[Opening Input data section]
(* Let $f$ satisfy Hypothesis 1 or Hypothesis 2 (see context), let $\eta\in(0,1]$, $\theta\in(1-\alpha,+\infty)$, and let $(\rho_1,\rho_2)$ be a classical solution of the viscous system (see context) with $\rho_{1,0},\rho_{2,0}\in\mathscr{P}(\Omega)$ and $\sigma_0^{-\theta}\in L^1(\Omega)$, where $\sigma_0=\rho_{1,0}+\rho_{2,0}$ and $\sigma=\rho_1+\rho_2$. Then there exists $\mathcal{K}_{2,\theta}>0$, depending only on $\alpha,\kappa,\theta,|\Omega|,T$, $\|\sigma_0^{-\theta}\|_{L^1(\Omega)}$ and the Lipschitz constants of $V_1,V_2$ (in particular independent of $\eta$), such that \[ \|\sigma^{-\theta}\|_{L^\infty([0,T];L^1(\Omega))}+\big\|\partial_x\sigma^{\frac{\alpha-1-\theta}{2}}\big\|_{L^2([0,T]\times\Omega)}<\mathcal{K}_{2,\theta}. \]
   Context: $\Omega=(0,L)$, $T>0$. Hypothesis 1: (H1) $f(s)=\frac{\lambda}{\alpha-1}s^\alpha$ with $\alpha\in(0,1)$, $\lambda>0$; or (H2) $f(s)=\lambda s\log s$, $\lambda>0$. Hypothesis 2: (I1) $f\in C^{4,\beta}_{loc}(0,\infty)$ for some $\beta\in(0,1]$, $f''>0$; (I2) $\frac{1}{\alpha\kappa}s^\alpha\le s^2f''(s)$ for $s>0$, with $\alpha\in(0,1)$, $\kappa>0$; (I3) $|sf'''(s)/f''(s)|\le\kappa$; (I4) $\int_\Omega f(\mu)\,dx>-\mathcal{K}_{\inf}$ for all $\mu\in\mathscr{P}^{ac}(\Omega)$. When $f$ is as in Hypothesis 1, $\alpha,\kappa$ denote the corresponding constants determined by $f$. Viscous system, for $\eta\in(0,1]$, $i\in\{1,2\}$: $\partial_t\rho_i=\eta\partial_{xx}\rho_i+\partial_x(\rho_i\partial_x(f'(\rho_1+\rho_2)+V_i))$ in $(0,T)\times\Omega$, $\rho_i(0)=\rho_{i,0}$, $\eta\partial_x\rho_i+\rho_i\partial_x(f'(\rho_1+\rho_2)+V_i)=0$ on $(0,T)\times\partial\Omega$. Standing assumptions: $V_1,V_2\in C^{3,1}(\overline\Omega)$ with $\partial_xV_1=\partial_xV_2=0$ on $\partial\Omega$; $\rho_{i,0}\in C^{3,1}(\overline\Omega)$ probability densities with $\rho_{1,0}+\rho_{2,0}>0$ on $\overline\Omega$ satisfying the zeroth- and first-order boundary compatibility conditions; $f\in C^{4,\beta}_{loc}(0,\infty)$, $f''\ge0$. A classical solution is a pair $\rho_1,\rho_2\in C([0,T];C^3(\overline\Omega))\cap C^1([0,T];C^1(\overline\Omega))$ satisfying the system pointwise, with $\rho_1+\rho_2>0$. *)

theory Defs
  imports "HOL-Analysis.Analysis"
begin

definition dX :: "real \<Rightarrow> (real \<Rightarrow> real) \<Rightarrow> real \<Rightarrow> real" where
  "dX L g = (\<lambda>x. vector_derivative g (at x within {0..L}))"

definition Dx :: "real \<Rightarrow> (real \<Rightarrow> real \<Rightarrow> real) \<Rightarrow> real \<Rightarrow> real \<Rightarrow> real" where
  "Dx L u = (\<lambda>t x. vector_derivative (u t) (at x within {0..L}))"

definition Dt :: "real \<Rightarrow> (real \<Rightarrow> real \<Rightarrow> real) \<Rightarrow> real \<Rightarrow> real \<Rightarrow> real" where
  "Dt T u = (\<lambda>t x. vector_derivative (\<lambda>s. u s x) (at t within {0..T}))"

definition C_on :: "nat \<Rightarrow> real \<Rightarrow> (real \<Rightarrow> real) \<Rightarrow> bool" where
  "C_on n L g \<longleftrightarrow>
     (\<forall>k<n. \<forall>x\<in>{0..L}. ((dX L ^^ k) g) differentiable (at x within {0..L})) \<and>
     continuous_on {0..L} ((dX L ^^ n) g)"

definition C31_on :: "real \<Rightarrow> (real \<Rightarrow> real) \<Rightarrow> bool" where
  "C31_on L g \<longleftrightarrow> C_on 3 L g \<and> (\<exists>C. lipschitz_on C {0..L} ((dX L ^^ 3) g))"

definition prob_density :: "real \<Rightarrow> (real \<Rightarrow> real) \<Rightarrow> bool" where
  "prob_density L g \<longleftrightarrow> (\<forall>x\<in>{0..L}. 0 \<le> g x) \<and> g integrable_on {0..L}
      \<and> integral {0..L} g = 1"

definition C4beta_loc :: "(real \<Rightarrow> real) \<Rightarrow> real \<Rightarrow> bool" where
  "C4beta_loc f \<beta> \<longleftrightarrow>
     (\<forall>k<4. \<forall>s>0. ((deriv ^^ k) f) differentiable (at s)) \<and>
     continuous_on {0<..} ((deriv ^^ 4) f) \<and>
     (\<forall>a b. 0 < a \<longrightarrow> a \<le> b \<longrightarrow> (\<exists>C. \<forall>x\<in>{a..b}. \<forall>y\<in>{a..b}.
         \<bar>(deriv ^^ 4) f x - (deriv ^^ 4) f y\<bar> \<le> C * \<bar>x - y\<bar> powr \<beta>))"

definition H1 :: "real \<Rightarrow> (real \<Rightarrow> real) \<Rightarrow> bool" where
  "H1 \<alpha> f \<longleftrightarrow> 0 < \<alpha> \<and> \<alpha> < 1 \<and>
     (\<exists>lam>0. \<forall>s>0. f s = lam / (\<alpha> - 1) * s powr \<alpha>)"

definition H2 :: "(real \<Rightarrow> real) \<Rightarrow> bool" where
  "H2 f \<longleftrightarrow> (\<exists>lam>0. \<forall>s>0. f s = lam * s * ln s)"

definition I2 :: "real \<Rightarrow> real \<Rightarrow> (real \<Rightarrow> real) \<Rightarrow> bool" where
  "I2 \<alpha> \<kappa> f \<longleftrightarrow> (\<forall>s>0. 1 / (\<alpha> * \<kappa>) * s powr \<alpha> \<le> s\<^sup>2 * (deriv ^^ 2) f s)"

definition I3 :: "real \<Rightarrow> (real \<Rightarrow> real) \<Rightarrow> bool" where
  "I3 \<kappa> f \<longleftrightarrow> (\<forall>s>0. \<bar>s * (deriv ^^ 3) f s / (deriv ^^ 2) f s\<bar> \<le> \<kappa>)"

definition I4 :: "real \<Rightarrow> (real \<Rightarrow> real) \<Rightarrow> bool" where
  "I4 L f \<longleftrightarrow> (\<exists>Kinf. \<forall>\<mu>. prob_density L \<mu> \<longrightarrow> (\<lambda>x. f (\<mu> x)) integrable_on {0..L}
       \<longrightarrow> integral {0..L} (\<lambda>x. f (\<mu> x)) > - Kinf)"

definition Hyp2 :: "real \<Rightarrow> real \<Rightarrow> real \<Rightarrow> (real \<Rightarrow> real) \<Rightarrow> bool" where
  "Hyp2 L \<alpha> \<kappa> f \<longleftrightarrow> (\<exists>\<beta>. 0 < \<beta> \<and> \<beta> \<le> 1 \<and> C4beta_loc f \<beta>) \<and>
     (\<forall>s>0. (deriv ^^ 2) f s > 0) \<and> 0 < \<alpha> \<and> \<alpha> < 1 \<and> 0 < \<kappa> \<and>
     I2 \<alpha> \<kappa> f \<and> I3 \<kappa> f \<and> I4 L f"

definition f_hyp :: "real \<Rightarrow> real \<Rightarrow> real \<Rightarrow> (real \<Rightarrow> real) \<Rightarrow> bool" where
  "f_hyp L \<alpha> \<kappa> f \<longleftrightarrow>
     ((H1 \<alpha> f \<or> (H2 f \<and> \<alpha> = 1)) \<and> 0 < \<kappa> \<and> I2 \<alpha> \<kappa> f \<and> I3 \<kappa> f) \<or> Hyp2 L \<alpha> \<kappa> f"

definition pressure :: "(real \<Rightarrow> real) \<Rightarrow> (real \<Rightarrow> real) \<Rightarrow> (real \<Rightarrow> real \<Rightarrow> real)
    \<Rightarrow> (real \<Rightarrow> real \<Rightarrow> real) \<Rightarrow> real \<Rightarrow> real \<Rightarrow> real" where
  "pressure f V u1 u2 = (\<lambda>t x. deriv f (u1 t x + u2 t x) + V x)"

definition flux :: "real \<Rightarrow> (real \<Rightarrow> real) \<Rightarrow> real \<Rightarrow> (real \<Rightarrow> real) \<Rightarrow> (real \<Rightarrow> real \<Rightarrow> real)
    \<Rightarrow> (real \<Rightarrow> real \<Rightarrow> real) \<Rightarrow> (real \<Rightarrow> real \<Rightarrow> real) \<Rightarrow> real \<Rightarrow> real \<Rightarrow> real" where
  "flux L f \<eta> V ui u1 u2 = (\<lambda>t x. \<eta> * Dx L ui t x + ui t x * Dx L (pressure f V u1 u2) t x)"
[Closing Input data section]
- [Exercise]:
Here the job is to set down exactly the lines of the material above that fall between the one with "(\<forall>s>0. 1 /" and the one with "(\<lambda>x. f (\<mu> x)) >", inclusive, and nothing beyond them.

- [Output below]:
  "I2 \<alpha> \<kappa> f \<longleftrightarrow> (\<forall>s>0. 1 / (\<alpha> * \<kappa>) * s powr \<alpha> \<le> s\<^sup>2 * (deriv ^^ 2) f s)"

definition I3 :: "real \<Rightarrow> (real \<Rightarrow> real) \<Rightarrow> bool" where
  "I3 \<kappa> f \<longleftrightarrow> (\<forall>s>0. \<bar>s * (deriv ^^ 3) f s / (deriv ^^ 2) f s\<bar> \<le> \<kappa>)"

definition I4 :: "real \<Rightarrow> (real \<Rightarrow> real) \<Rightarrow> bool" where
  "I4 L f \<longleftrightarrow> (\<exists>Kinf. \<forall>\<mu>. prob_density L \<mu> \<longrightarrow> (\<lambda>x. f (\<mu> x)) integrable_on {0..L}
       \<longrightarrow> integral {0..L} (\<lambda>x. f (\<mu> x)) > - Kinf)"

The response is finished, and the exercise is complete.